TAKE ONE FALSE STEP (1949)

This innocent-man-on-the-run film noir (half serious suspener/half comic put-on) diligently ticks every box in the formula and still gets every genre trope wrong. (They should make it mandatory viewing at UCLA Film School.) Chester Erskine who directed (and co-wrote with Irwin Shaw) over-eggs a decent enough mystery with corkscrew twisty narrative baggage and illogical character behavior as Professor William Powell (out of sorts for the only time in his long career) reconnects over drinks with pre-war flame Shelley Winters before meeting up for a late night get-together. Big mistake as Shelley (thin & glam) pushes her unwanted attentions on Powell at the home of gal pal Marsha Hunt. Finding out that Shelley’s mixed up with some mysterious lowlifes, Powell, now even more eager to clear out, drops Shelley off at home; picks up an injured crook; is knocked out in a car accident; becomes a ‘wanted man’ when Winters goes missing (presumed dead); breaks into her home to seek clues; gets bitten by her rabid dog; rushes to a lecture hall to give a speech; nods briefly at his wife just in from the East Coast; finds the cops back on his tail; keeps a rendezvous with Shelley’s likely killer only to watch as cops chase the guy into an on-coming train . . . Yikes! And that’s just the half of it. The film starts nicely, teasing us with a witty credit sequence showcasing ‘false step’ accidents waiting to happen. But Erskine won't settle on a tone; and even if he did, hasn’t the technical chops to carry it off.

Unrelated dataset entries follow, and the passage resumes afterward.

definition coarse_mod_small :: "('a set \<Rightarrow> bool) \<Rightarrow> ('a \<times> 'a) set set" where
  "coarse_mod_small Q =
     {e. entourage UNIV e \<and> (\<exists>S g. S \<in> small_sets \<and> fibrewise Q g \<and> e \<subseteq> S \<times> S \<union> g)}"

lemma fibrewise_Id: "(\<And>x. Q {x}) \<Longrightarrow> fibrewise Q Id"
  by (simp add: fibrewise_def)

lemma fibrewise_converse: "fibrewise Q g \<Longrightarrow> fibrewise Q (g\<inverse>)"
  by (simp add: fibrewise_def)

lemma fibrewise_relcomp:
  assumes Q_UN: "\<And>I A. Q I \<Longrightarrow> (\<And>i. i \<in> I \<Longrightarrow> Q (A i)) \<Longrightarrow> Q (\<Union>i\<in>I. A i)"
    and "fibrewise Q g" "fibrewise Q g'"
  shows "fibrewise Q (g O g')"
proof -
  have "(g O g') `` {x} = (\<Union>y\<in>g `` {x}. g' `` {y})"
    and "(g O g')\<inverse> `` {x} = (\<Union>y\<in>g'\<inverse> `` {x}. g\<inverse> `` {y})" for x
    by auto
  moreover have "Q (\<Union>y\<in>g `` {x}. g' `` {y})" "Q (\<Union>y\<in>g'\<inverse> `` {x}. g\<inverse> `` {y})" for x
    using assms(2,3) unfolding fibrewise_def by (blast intro: Q_UN)+
  ultimately show ?thesis unfolding fibrewise_def by simp
qed

lemma coarse_mod_smallI:
  "entourage UNIV e \<Longrightarrow> S \<in> small_sets \<Longrightarrow> fibrewise Q g \<Longrightarrow> e \<subseteq> S \<times> S \<union> g
    \<Longrightarrow> e \<in> coarse_mod_small Q"
  unfolding coarse_mod_small_def by blast

lemma coarse_mod_smallE:
  assumes "e \<in> coarse_mod_small Q"
  obtains S g where "entourage UNIV e" "S \<in> small_sets" "fibrewise Q g" "e \<subseteq> S \<times> S \<union> g"
  using assms unfolding coarse_mod_small_def by blast

lemma coarse_mod_small_mono:
  assumes "\<And>A. Q A \<Longrightarrow> Q' A"
  shows "coarse_mod_small Q \<subseteq> coarse_mod_small Q'"
proof
  fix e assume "e \<in> coarse_mod_small Q"
  then obtain S g where "entourage UNIV e" "S \<in> small_sets" "fibrewise Q g" "e \<subseteq> S \<times> S \<union> g"
    by (rule coarse_mod_smallE)
  moreover have "fibrewise Q' g" using \<open>fibrewise Q g\<close> assms by (simp add: fibrewise_def)
  ultimately show "e \<in> coarse_mod_small Q'" by (blast intro: coarse_mod_smallI)
qed

lemma small_sets_Image:
  fixes S :: "'a set" and g :: "('a \<times> 'a) set"
  assumes "uncountable (UNIV :: 'a set)" "S \<in> small_sets" "\<And>x. countable (g `` {x})"
  shows "g `` S \<in> small_sets"
proof -
  have "g `` S = (\<Union>x\<in>S. g `` {x})" by blast
  then show ?thesis using small_sets_UN_countable[OF assms(1,2), of "\<lambda>x. g `` {x}"] assms(3)
    by presburger
qed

ATTENTION MUST BE PAID/DOUBLE-BILL: A last film for character actor Felix Bressart, visibly dying of leukemia. A favorite of Ernst Lubitsch, see him shine in NINOTCHKA/’39; SHOP AROUND THE CORNER/’40 and TO BE OR NOT TO BE/’42. OR: See Powell deal with another sham murder in a neat little 1933 Warners programmer, PRIVATE DETECTIVE 62.